Add submission record to DB

Now that we have finished pushing, let’s add the processed results to the DB.

# Add record to db
@task()
def submission_to_db(db_session, list_submission: list[Submission]):
    for sub in list_submission:
        record = LeetCodeTable(submission_id=sub.id, title_slug=sub.title_slug)
        db_session.add(record)

    db_session.commit()

# dag
    sub_to_db = submission_to_db(db_session, list_new_sub)

Whole DAG result

The entire DAG written in this way is as follows.

with DAG(
    dag_id="code_solution_parser",
    description="LeetCode에 제출한 Solution을 parsing하는 코드",
    default_args={
        "owner": "",
        "retries": 1,
        "retry_delay": timedelta(minutes=1),
    },
    params={
        "csrftoken": Param(
            "",
            type="string",
        ),
        "leetcode_session": Param(
            "",
            type="string",
        ),
        "repo_dir": Param("", type="string"),
    },
    start_date=datetime(2024, 1, 1, tzinfo=Timezone("Asia/Seoul")),
    schedule_interval="@weekly",
    tags=["programming"],
) as dag:
    db_url = os.path.join(Variable.get("DB_URL"), "codesite")
    engine = create_engine(db_url)
    PostgresSession = sessionmaker(bind=engine)
    db_session = PostgresSession()

    web_session = requests.Session()

    web_session = set_web_session_cookie(
        web_session, "", ""
    )

    list_sub = get_acsub(web_session)
    all_subs = get_all_sub(db_session)

    list_new_sub = check_already_copied(list_sub, all_subs)
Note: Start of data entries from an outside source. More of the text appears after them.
theorem theorem1p2:
  fixes p a b :: int
  assumes "prime p" and "0 < a" and "a < p" and "0 < b" and "b < p"
  shows "card (inv_gens p a b) = 4 \<longleftrightarrow>
         (p - (inv_modp p a * b) mod p) * (p - (a * inv_modp p b) mod p) = p + 1"
proof -
  define a' b' where "a' = inv_modp p a" and "b' = inv_modp p b"
  define q j0 where "q = p - (a' * b) mod p" and "j0 = p - (a * b') mod p"
  have not_dvd: "\<not> p dvd x" if "0 < x" "x < p" for x
    using that by (auto dest: zdvd_imp_le)
  have a': "0 < a'" "a' < p" "[a * a' = 1] (mod p)"
    and b': "0 < b'" "b' < p" "[b * b' = 1] (mod p)"
    using inv_modp_correct[OF \<open>prime p\<close>] not_dvd assms by (simp_all add: a'_def b'_def)
  have "\<not> p dvd a' * b" "\<not> p dvd a * b'"
    using not_dvd a' b' assms by (simp_all add: prime_dvd_mult_iff)
  then have q: "0 < q" "q < p" "[q = - (a' * b)] (mod p)"
    and j0: "0 < j0" "j0 < p" "[j0 = - (a * b')] (mod p)"
    using residue_of_neg assms by (simp_all add: q_def j0_def)
  have "coprime a' p"
    using not_dvd a' \<open>prime p\<close> prime_imp_coprime coprime_commute by blast
  then have "inv_gens p a b = inv_gens p 1 (- q)"
    using a'(3) q(3) by (rule inv_gens_normalize)
  moreover have "[q * j0 = 1] (mod p)"
    using a'(3) b'(3) q(3) j0(3) by (rule cong_neg_cross_products_inverse)
  ultimately have "card (inv_gens p a b) = 4 \<longleftrightarrow> q * j0 = p + 1"
    using card_inv_gens_normal_eq_4_iff[of p q j0] assms(1) q j0 by simp
  then show ?thesis
    by (simp only: q_def j0_def a'_def b'_def)
qed

end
    code_test_url = Variable.get("CODE_REPO_URL")
    task_clone = git_clone(code_test_url, "")
    task_write = sub_to_repo(web_session, list_new_sub, "")
    task_push = git_push("")
    sub_to_db = submission_to_db(db_session, list_new_sub)

    leetcode_markdown = get_leetcode_root_readme(list_new_sub, all_subs, code_test_url)
    task_root = write_root_readme(leetcode_markdown, "")

    task_clone >> task_write >> task_push >> sub_to_db
    task_root >> task_push